Remote Bursa Transfer di Tangan Marcos Santos, Arema FC Bereskan 11 Legiun Asing
MALANG, iNewsMalang.id – Manajemen Arema FC tampaknya emoh setengah-setengah dalam menatap Super League 2026/2027. Mereka resmi memberikan remote kekuasaan penuh kepada nakhoda asal Brasil, Marcos Santos, untuk menyusun kekuatan baru.
Demi mengembalikan taring Singo Edan yang sempat meredup, manajemen memilih menepi dan ogah banyak “cawe-cawe” dalam urusan belanja pemain.
Keleluasaan total yang diberikan kepada Marcos bukan tanpa alasan. Keberhasilan sang entrenador memahami kultur sepak bola Tanah Air menjadi kartu as.
Hal itu pula yang membuat manajemen tanpa ragu menyodorkan perpanjangan kontrak berdurasi satu musim ke depan kepada eks pelatih yang sudah kadung paham jeroan tim tersebut.
General Manager Arema FC Yusrinal Fitriandi menyebut Marcos telah memahami kompetisi Indonesia, karakter pemain, serta kebutuhan tim. Bahkan, dia juga ikut membantu proses pencarian pemain untuk musim depan.

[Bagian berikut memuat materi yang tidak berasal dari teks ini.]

lemma G_K_tube_sections:
  fixes v :: "'a::t1_space set \<Rightarrow> nat \<Rightarrow> 'b::topological_space set"
    and \<W> :: "('a \<times> 'b) set set"
  assumes "\<And>K :: 'a set. compact K \<Longrightarrow> finite K" "infinite (UNIV :: 'a set)"
    and v: "\<And>F m. finite F \<Longrightarrow> v F m \<in> tube_sections \<W> F"
  shows "{G. gdelta_in euclidean G \<and> G \<noteq> UNIV \<and> (\<exists>F. finite F \<and> (\<forall>m. \<exists>W\<in>\<W>. G \<times> v F m \<subseteq> W))}
           \<in> G_K"
proof -
  have "\<exists>G. gdelta_in euclidean G \<and> G \<noteq> UNIV \<and> (\<exists>F. finite F \<and> (\<forall>m. \<exists>W\<in>\<W>. G \<times> v F m \<subseteq> W))
          \<and> K \<subseteq> G"
    if "compact K" for K
  proof -
    have K: "finite K"
      using assms(1) that .
    obtain x where x: "x \<notin> K"
      using ex_new_if_finite[OF assms(2) K] by blast
    have "\<exists>U W. open U \<and> K \<subseteq> U \<and> W \<in> \<W> \<and> U \<times> v K m \<subseteq> W" for m
      using v[OF K, of m] unfolding tube_sections_def by blast
    then obtain U W where UW: "\<And>m. open (U m) \<and> K \<subseteq> U m \<and> W m \<in> \<W> \<and> U m \<times> v K m \<subseteq> W m"
      by metis
    let ?G = "(\<Inter>m. U m) - {x}"
    have "?G = \<Inter>(insert (- {x}) (range U))"
      by auto
    moreover have "gdelta_in euclidean (\<Inter>(insert (- {x}) (range U)))"
      using UW by (intro gdelta_in_Inter) (auto intro!: open_imp_gdelta_in simp flip: open_openin)
    ultimately have "gdelta_in euclidean ?G"
      by simp
    moreover have "?G \<noteq> UNIV"
      by blast
    moreover have "\<forall>m. \<exists>W'\<in>\<W>. ?G \<times> v K m \<subseteq> W'"
      using UW by blast
    moreover have "K \<subseteq> ?G"
      using UW x by blast
    ultimately show ?thesis
      using K by (intro exI[of _ ?G]) blast
  qed
  then show ?thesis
    unfolding G_K_def by auto
qed

lemma gamma_sequence_rectangles_GammaCovers:
  assumes "gamma_sequence A" "gamma_sequence B"
    and \<W>: "\<And>n. \<W> n \<in> OmegaCovers" "\<And>n. \<exists>W\<in>\<W> n. A n \<times> B n \<subseteq> W"
  shows "\<exists>C. (\<forall>n. C n \<in> \<W> n) \<and> range C \<in> GammaCovers"
proof -
  obtain C where C: "\<And>n. C n \<in> \<W> n" "\<And>n. A n \<times> B n \<subseteq> C n"
    using \<W>(2) by metis
  have "gamma_sequence C"
    using assms(1,2) C(2) by (rule gamma_sequence_Times)
  moreover have "open (C n) \<and> C n \<noteq> UNIV" for n
    using C(1)[of n] \<W>(1)[of n] unfolding OmegaCovers_def by auto
  ultimately have "range C \<in> GammaCovers"
    by (rule gamma_sequence_range_GammaCovers)
  with C(1) show ?thesis
    by blast
qed

lemma selects_gamma_sequences_Times:
  assumes X: "selects_gamma_sequences (G_K :: 'a::t1_space set set set)"
    and compact_finite: "\<And>K :: 'a set. compact K \<Longrightarrow> finite K"
    and "infinite (UNIV :: 'a set)"
    and Y: "selects_gamma_sequences (OmegaCovers :: 'b::t1_space set set set)"
    and "infinite (UNIV :: 'b set)"
  shows "S1 (OmegaCovers :: ('a \<times> 'b) set set set) GammaCovers"
  unfolding S1_def
proof (intro allI impI)
  fix \<W> :: "nat \<Rightarrow> ('a \<times> 'b) set set"
  assume "\<forall>n. \<W> n \<in> OmegaCovers"
  then have \<W>: "\<And>n. \<W> n \<in> OmegaCovers"
    by blast
  obtain v where v: "\<And>n F m. finite F \<Longrightarrow> v n F m \<in> tube_sections (\<W> n) F"
    and v_gamma: "\<And>n F. finite F \<Longrightarrow> gamma_sequence (v n F)"
    by (rule selects_gamma_sequences_tube_sections[where \<W> = \<W>, OF Y assms(5) \<W>]) blast
  define \<G> where "\<G> n = {G. gdelta_in euclidean G \<and> G \<noteq> UNIV
      \<and> (\<exists>F. finite F \<and> (\<forall>m. \<exists>W\<in>\<W> n. G \<times> v n F m \<subseteq> W))}" for n
  have "\<G> n \<in> G_K" for n
    unfolding \<G>_def using compact_finite assms(3) v by (rule G_K_tube_sections)
  then obtain A where "\<And>n. A n \<in> \<G> n" and A: "gamma_sequence A"
    by (rule selects_gamma_sequencesE[OF X, of \<G>]) blast
  then have "\<exists>F. finite F \<and> (\<forall>m. \<exists>W\<in>\<W> n. A n \<times> v n F m \<subseteq> W)" for n
    unfolding \<G>_def by blast
  then obtain F where F: "\<And>n. finite (F n)" "\<And>n m. \<exists>W\<in>\<W> n. A n \<times> v n (F n) m \<subseteq> W"
    by metis
  have "range (v n (F n)) \<in> OmegaCovers" for n
  proof (rule gamma_sequence_range_OmegaCovers)
    show "gamma_sequence (v n (F n))"
      using v_gamma F(1) .
    show "open (v n (F n) m) \<and> v n (F n) m \<noteq> UNIV" for m
      using v[OF F(1)] unfolding tube_sections_def by blast
  qed
  then obtain B where B_range: "\<And>n. B n \<in> range (v n (F n))" and B: "gamma_sequence B"
    by (rule selects_gamma_sequencesE[OF Y, of "\<lambda>n. range (v n (F n))"]) blast
  have "\<exists>W\<in>\<W> n. A n \<times> B n \<subseteq> W" for n
  proof -
    obtain m where "B n = v n (F n) m"
      using B_range[of n] by blast
    then show ?thesis
      using F(2)[of n m] by simp
  qed
  with A B \<W> show "\<exists>C. (\<forall>n. C n \<in> \<W> n) \<and> range C \<in> GammaCovers"
    by (rule gamma_sequence_rectangles_GammaCovers)
qed

theorem theorem4p18:
  assumes "infinite (UNIV :: 'a::t1_space set)"
    and "infinite (UNIV :: 'b::t1_space set)"
    and "S1 (G_K :: 'a set set set) (G_Gamma :: 'a set set set)"
    and "\<forall>K :: 'a set. compact K \<longrightarrow> finite K"
    and "gamma_space TYPE('b)"
  shows "gamma_space TYPE('a \<times> 'b)"
proof -
  have "selects_gamma_sequences (G_K :: 'a set set set)"
    using assms(3) G_Gamma_point_cofinite G_K_meets_upto by (rule S1_imp_selects_gamma_sequences)
  moreover have "selects_gamma_sequences (OmegaCovers :: 'b set set set)"
    using assms(5)[unfolded gamma_space_def] GammaCovers_point_cofinite OmegaCovers_meets_upto
    by (rule S1_imp_selects_gamma_sequences)
  ultimately show ?thesis
    unfolding gamma_space_def using assms(1,2,4) by (intro selects_gamma_sequences_Times) auto
qed

end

“Itu menjadi salah satu pertimbangan kami untuk melanjutkan kerja sama,” beber pria yang akrab disapa Inal itu, Senin (29/6/2026).
Operasi Senyap Empat Bulan
Menariknya, di saat kontestan lain masih adem ayem, Arema FC diam-diam justru sudah merampungkan proyeksi skuadnya. Inal membocorkan perburuan pemain sejatinya sudah digulirkan lewat operasi senyap sejak empat bulan lalu, tepatnya saat kompetisi musim 2025/2026 belum kelar.
Hasilnya manajemen mengklaim kuota maksimal 11 legiun asing untuk musim depan sudah klop 100 persen. Menarik ditunggu, sebab beberapa nama di antaranya merupakan wajah gres yang sama sekali belum pernah mencicipi atmosfer sepak bola Indonesia.
“Untuk pemain asing, semua yang milih adalah pelatih. Pemainnya sudah ada, tinggal diperkenalkan saja nanti. Semua sudah tuntas,” tegas Inal.
Tambal Sulam Lini Belakang
Sejauh ini, tim pujaan Aremania tersebut sejatinya sudah mengantongi fondasi lawas. Trio Julian Guevara, Matheus Blade, dan Betinho dipastikan aman setelah resmi memperpanjang masa bakti.
Merujuk klausul kontrak yang masih berjalan, Singo Edan juga masih menyisakan nama-nama seperti Gustavo Franca, Walisson Maia, Joel Vinicius, hingga Gabi. Sisa slot kosong itulah yang kabarnya sudah digenapi oleh legiun asing anyar pilihan murni Marcos Santos.
Gerakan agresif Singo Edan di bursa transfer awal musim ini jelas menjadi sinyal bahaya bagi para rival. Apalagi, sebelum merampungkan urusan legiun asing, Arema FC juga sukses mempertebal tembok pertahanan dengan mengamankan tanda tangan dua kiper lokal jempolan, Erlangga Setyo (eks PSPS Pekanbaru) dan Syahrul Trisna (eks Borneo FC).
Praktis, Aremania kini tinggal menunggu waktu untuk melihat barisan amunisi baru pilihan sang allenatore diperkenalkan ke permukaan.